Aide: Oh, yes, sir, I have it right, here. It's this volume right here. It is,
ahem, quite long.

PM: How long?

Aide: Quite.

PM: (more sternly) _How long?_

Aide: It is several thousand pages, sir.

PM: Ah. Ok. How very disappointing. Have you scanned the list?

Aide: I have.

PM: And who, might I ask, is it comprised of? Degenerates, criminals, ne'er-
do-wells, perverts, thugs, know-nothings, liberals?

Aide: Sir, well...sir....

PM: Spit it out.

Aide: It seems _everyone_ is on the list, sir.

PM: Everyone?

Aide: Yes. Everyone.

PM: Do you mean everyone in _Liverpool?_

Aide: I'm afraid I mean everyone in the UK, sir.
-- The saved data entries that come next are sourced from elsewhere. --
lemma quadratic_recursion_bound:
  fixes f :: "nat \<Rightarrow> real"
  assumes "0 < b" "2 * b \<le> c" "f 0 \<le> c" "\<And>n. 0 \<le> f n" "\<And>n. f (Suc n) \<le> f n - f n ^ 2 / b"
  shows "f n \<le> c / (real n + 1)"
proof (induction n)
  case 0
  show ?case
    using assms(3) by simp
next
  case (Suc n)
  have "f n - f n ^ 2 / b \<le> c / ((real n + 1) + 1)"
    using assms Suc.IH by (intro quadratic_recursion_step) auto
  with assms(5)[of n] show ?case by (simp add: add.commute)
qed

lemma (in sigma_finite_measure) measurable_measure_section:
  assumes "Measurable.pred (N \<Otimes>\<^sub>M M) (\<lambda>p. P (fst p) (snd p))"
  shows "(\<lambda>n. measure M {x \<in> space M. P n x}) \<in> borel_measurable N"
proof -
  define Q where "Q = {p \<in> space (N \<Otimes>\<^sub>M M). P (fst p) (snd p)}"
  have "Q \<in> sets (N \<Otimes>\<^sub>M M)"
    using assms unfolding Q_def by (simp add: Measurable.pred_def)
  then have "(\<lambda>n. emeasure M (Pair n -` Q)) \<in> borel_measurable N"
    by (rule measurable_emeasure_Pair)
  moreover have "Pair n -` Q = {x \<in> space M. P n x}" if "n \<in> space N" for n
    using that by (auto simp: Q_def space_pair_measure)
  ultimately have "(\<lambda>n. emeasure M {x \<in> space M. P n x}) \<in> borel_measurable N"
    by (simp cong: measurable_cong)
  then show ?thesis
    unfolding measure_def by (rule borel_measurable_enn2real)
qed

locale shattering_recombination =
  fixes lam :: "'a::topological_space measure" and Rm :: "'a set measure" and \<alpha> :: real
  assumes lam_borel: "sets lam = sets borel"
    and lam_finite: "finite_measure lam"
    and Rm_prob: "prob_space Rm"
    and Rm_borel: "\<forall>S\<in>space Rm. S \<in> sets borel"
    and Rm_joint: "{(S, x). x \<in> S} \<inter> (space Rm \<times> UNIV) \<in> sets (Rm \<Otimes>\<^sub>M borel)"
    and shatter: "shattering Rm lam \<alpha>"

sublocale shattering_recombination \<subseteq> lam: finite_measure lam
  by (rule lam_finite)

sublocale shattering_recombination \<subseteq> Rm: prob_space Rm
  by (rule Rm_prob)

context shattering_recombination
begin

abbreviation mass :: real where
  "mass \<equiv> measure lam (space lam)"

abbreviation Rm_prod :: "nat \<Rightarrow> (nat \<Rightarrow> 'a set) measure" where
  "Rm_prod k \<equiv> \<Pi>\<^sub>M j\<in>{..<k}. Rm"

lemma space_lam: "space lam = UNIV"
  using sets_eq_imp_space_eq[OF lam_borel] by simp

lemma alpha_pos: "0 < \<alpha>"
  using shatter by (simp add: shattering_def)

lemma sets_Rm: "R \<in> space Rm \<Longrightarrow> R \<in> sets lam"
  using Rm_borel lam_borel by auto

lemma measurable_measure_lam:
  assumes "Measurable.pred (N \<Otimes>\<^sub>M borel) (\<lambda>p. P (fst p) (snd p))"
  shows "(\<lambda>n. measure lam {x. P n x}) \<in> borel_measurable N"
proof -
  have "Measurable.pred (N \<Otimes>\<^sub>M lam) (\<lambda>p. P (fst p) (snd p))"
    using assms unfolding Measurable.pred_def
      measurable_cong_sets[OF sets_pair_measure_cong[OF refl lam_borel] refl] .
  then show ?thesis
    using lam.measurable_measure_section by (simp add: space_lam)
qed

lemma pred_mem_Rm:
  assumes "f \<in> N \<rightarrow>\<^sub>M Rm"
  shows "Measurable.pred (N \<Otimes>\<^sub>M borel) (\<lambda>p. snd p \<in> f (fst p))"
proof -
  have "{p \<in> space (Rm \<Otimes>\<^sub>M borel). snd p \<in> fst p} = {(S, x). x \<in> S} \<inter> (space Rm \<times> UNIV)"
    by (auto simp: space_pair_measure)
  then have joint: "Measurable.pred (Rm \<Otimes>\<^sub>M borel) (\<lambda>p. snd p \<in> fst p)"
    using Rm_joint by (simp add: Measurable.pred_def)
  have "(\<lambda>p. (f (fst p), snd p)) \<in> N \<Otimes>\<^sub>M borel \<rightarrow>\<^sub>M Rm \<Otimes>\<^sub>M borel"
    using assms by measurable
  from measurable_compose[OF this joint] show ?thesis
    by (simp add: comp_def)
qed

lemma borel_measurable_measure_cell:
  "(\<lambda>Rs. measure lam (cell k T Rs)) \<in> borel_measurable (Rm_prod k)"
proof -
  have cell_iff: "(\<lambda>p. snd p \<in> cell k T (fst p)) =
      (\<lambda>p. \<forall>j\<in>{..<k}. (j \<in> T \<longrightarrow> snd p \<in> fst p j) \<and> (j \<notin> T \<longrightarrow> snd p \<notin> fst p j))"
    by (auto simp: cell_def fun_eq_iff)
  have "Measurable.pred (Rm_prod k \<Otimes>\<^sub>M borel) (\<lambda>p. snd p \<in> fst p j)" if "j < k" for j
    using pred_mem_Rm[of "\<lambda>Rs. Rs j"] that by simp
  then have "Measurable.pred (Rm_prod k \<Otimes>\<^sub>M borel) (\<lambda>p. snd p \<in> cell k T (fst p))"
    unfolding cell_iff by (intro pred_intros_finite(3) pred_intros_logic) auto
  then show ?thesis
    using measurable_measure_lam[where P = "\<lambda>Rs x. x \<in> cell k T Rs"] by simp
qed

lemma prob_space_Rm_prod: "prob_space (Rm_prod k)"
  by (intro prob_space_PiM Rm_prob)

lemma sets_Rm_prod_component:
  "Rs \<in> space (Rm_prod k) \<Longrightarrow> j < k \<Longrightarrow> Rs j \<in> sets lam"
  using sets_Rm by (auto simp: space_PiM)

lemma sets_cell_Rm_prod: "Rs \<in> space (Rm_prod k) \<Longrightarrow> cell k T Rs \<in> sets lam"
  using sets_cell[OF space_lam] sets_Rm_prod_component by blast

definition energy :: "nat \<Rightarrow> (nat \<Rightarrow> 'a set) \<Rightarrow> real" where
  "energy k Rs = (\<Sum>T\<in>Pow {..<k}. measure lam (cell k T Rs) ^ 2)"

lemma borel_measurable_energy: "energy k \<in> borel_measurable (Rm_prod k)"
  unfolding energy_def using borel_measurable_measure_cell by measurable

lemma energy_nonneg: "0 \<le> energy k Rs"
  unfolding energy_def by (intro sum_nonneg) auto

lemma energy_le: "energy k Rs \<le> 2 ^ k * mass ^ 2"
proof -
  have "energy k Rs \<le> (\<Sum>T\<in>Pow {..<k}. mass ^ 2)"
    unfolding energy_def by (intro sum_mono power_mono lam.bounded_measure) auto
  then show ?thesis
    by (simp add: card_Pow)
qed

lemma integrable_energy_power: "integrable (Rm_prod k) (\<lambda>Rs. energy k Rs ^ n)"
proof -
  interpret prob_space "Rm_prod k"
    by (rule prob_space_Rm_prod)
  show ?thesis
    using borel_measurable_energy energy_nonneg
    by (intro integrable_const_bound[where B = "(2 ^ k * mass ^ 2) ^ n"] AE_I2)
       (auto intro: power_mono energy_le)
qed

lemma energy_squared_le:
  assumes "Rs \<in> space (Rm_prod k)"
  shows "energy k Rs ^ 2 \<le> mass * (\<Sum>T\<in>Pow {..<k}. measure lam (cell k T Rs) ^ 3)"
  using sum_squares_squared_le[of "Pow {..<k}" "\<lambda>T. measure lam (cell k T Rs)"]
    lam.sum_measure_cell[OF space_lam sets_Rm_prod_component[OF assms]]
  by (simp add: energy_def)

lemma borel_measurable_measure_split:
  assumes "A \<in> sets lam"
  shows "(\<lambda>R. measure lam (A \<inter> R)) \<in> borel_measurable Rm"
    and "(\<lambda>R. measure lam (A \<inter> - R)) \<in> borel_measurable Rm"
proof -
  have [measurable]: "A \<in> sets borel"
    using assms lam_borel by simp
  have [measurable]: "Measurable.pred (Rm \<Otimes>\<^sub>M borel) (\<lambda>p. snd p \<in> fst p)"
    using pred_mem_Rm[OF measurable_ident_sets[OF refl]] by simp
  have "(\<lambda>R. measure lam {x. x \<in> A \<and> x \<in> R}) \<in> borel_measurable Rm"
    by (rule measurable_measure_lam) measurable
  moreover have "(\<lambda>R. measure lam {x. x \<in> A \<and> x \<notin> R}) \<in> borel_measurable Rm"
    by (rule measurable_measure_lam) measurable
  ultimately show "(\<lambda>R. measure lam (A \<inter> R)) \<in> borel_measurable Rm"
    and "(\<lambda>R. measure lam (A \<inter> - R)) \<in> borel_measurable Rm"
    by (simp_all add: Int_def Compl_eq)
qed

lemma integrable_measure_split:
  assumes "A \<in> sets lam"
  shows "integrable Rm (\<lambda>R. measure lam (A \<inter> R) * measure lam (A \<inter> - R))"
    and "integrable Rm (\<lambda>R. measure lam (A \<inter> R) ^ 2 + measure lam (A \<inter> - R) ^ 2)"
proof -
  have le_mass: "measure lam B \<le> mass" for B
    by (rule lam.bounded_measure)
  have prod_le: "measure lam (A \<inter> R) * measure lam (A \<inter> - R) \<le> mass * mass" for R
    by (intro mult_mono le_mass) auto
  have square_le: "measure lam B ^ 2 \<le> mass ^ 2" for B
    by (intro power_mono le_mass) auto
  have squares_le: "measure lam (A \<inter> R) ^ 2 + measure lam (A \<inter> - R) ^ 2 \<le> 2 * mass ^ 2" for R
    using square_le[of "A \<inter> R"] square_le[of "A \<inter> - R"] by linarith
  note measurable = borel_measurable_measure_split[OF assms]
  show "integrable Rm (\<lambda>R. measure lam (A \<inter> R) * measure lam (A \<inter> - R))"
    by (rule Rm.integrable_const_bound[where B = "mass * mass"]) (use measurable prod_le in auto)
  show "integrable Rm (\<lambda>R. measure lam (A \<inter> R) ^ 2 + measure lam (A \<inter> - R) ^ 2)"
    by (rule Rm.integrable_const_bound[where B = "2 * mass ^ 2"])
       (use measurable squares_le in auto)
qed

lemma integral_split_squares_le:
  assumes A: "A \<in> sets lam"
  shows "(\<integral>R. measure lam (A \<inter> R) ^ 2 + measure lam (A \<inter> - R) ^ 2 \<partial>Rm)
    \<le> measure lam A ^ 2 - measure lam A ^ 3 / \<alpha>"
proof -
  let ?a = "\<lambda>R. measure lam (A \<inter> R)" and ?b = "\<lambda>R. measure lam (A \<inter> - R)"
  have "?a R ^ 2 + ?b R ^ 2 = measure lam A ^ 2 - 2 * (?a R * ?b R)" if "R \<in> space Rm" for R
  proof -
    have sum: "?a R + ?b R = measure lam A"
      using lam.measure_Int_add_Diff[OF A sets_Rm[OF that]] by (simp add: Diff_eq)
    show ?thesis
      unfolding sum[symmetric] by (simp add: power2_eq_square algebra_simps)
  qed
  then have "(\<integral>R. ?a R ^ 2 + ?b R ^ 2 \<partial>Rm) = (\<integral>R. measure lam A ^ 2 - 2 * (?a R * ?b R) \<partial>Rm)"
    by (intro Bochner_Integration.integral_cong) auto
  also have "\<dots> = measure lam A ^ 2 - 2 * (\<integral>R. ?a R * ?b R \<partial>Rm)"
    using integrable_measure_split(1)[OF A] by (simp add: Rm.prob_space)
  also have "\<dots> \<le> measure lam A ^ 2 - measure lam A ^ 3 / \<alpha>"
    using shatter A alpha_pos by (auto simp: shattering_def field_simps)
  finally show ?thesis .
qed

lemma energy_Suc_fun_upd:
  "energy (Suc k) (Rs(k := R)) =
    (\<Sum>T\<in>Pow {..<k}. measure lam (cell k T Rs \<inter> R) ^ 2 + measure lam (cell k T Rs \<inter> - R) ^ 2)"
  by (simp add: energy_def sum_cell_Suc[where g = "\<lambda>C. measure lam C ^ 2"] cell_fun_upd)

lemma integrable_energy_Suc_fun_upd:
  assumes "Rs \<in> space (Rm_prod k)"
  shows "integrable Rm (\<lambda>R. energy (Suc k) (Rs(k := R)))"
  unfolding energy_Suc_fun_upd
  by (intro Bochner_Integration.integrable_sum integrable_measure_split sets_cell_Rm_prod[OF assms])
PM: That's 60 million people.

Aide: Indeed.

PM: That's nonsense. The Britons are more decent than that! Next you'll be
telling me that the Queen herself is on the list!

 _Aide looks down at his feet._

Aide: Um.

PM: Oh for God's sake, sir. Don't tell me that the Queen is on the list!

Aide: I'm afraid she is.

PM: Wait. So you're telling me that, when I turned pornography filtering on by
default nation-wide, that _every single natural born citizen_ of the UK,
including the Queen, chose to get to their computers, logged into the
filtering system, and _opted in_ to pornography?

Aide: That's what it seems like, sir. Er, well...there is one who is not on
the list. UK tennis player and Wimbledon champion Andy Murray is not on the
list. He is as pure as new-fallen snow.

PM: National treasure, that chap.

Aide. Indeed. But everyone else is on the list.

PM: Ballocks. Ah well, I tried. It was for the children, you see. Now if
you'll excuse me I have some porn I mean, er, ahem, important _reading_ I have
to get to, privately.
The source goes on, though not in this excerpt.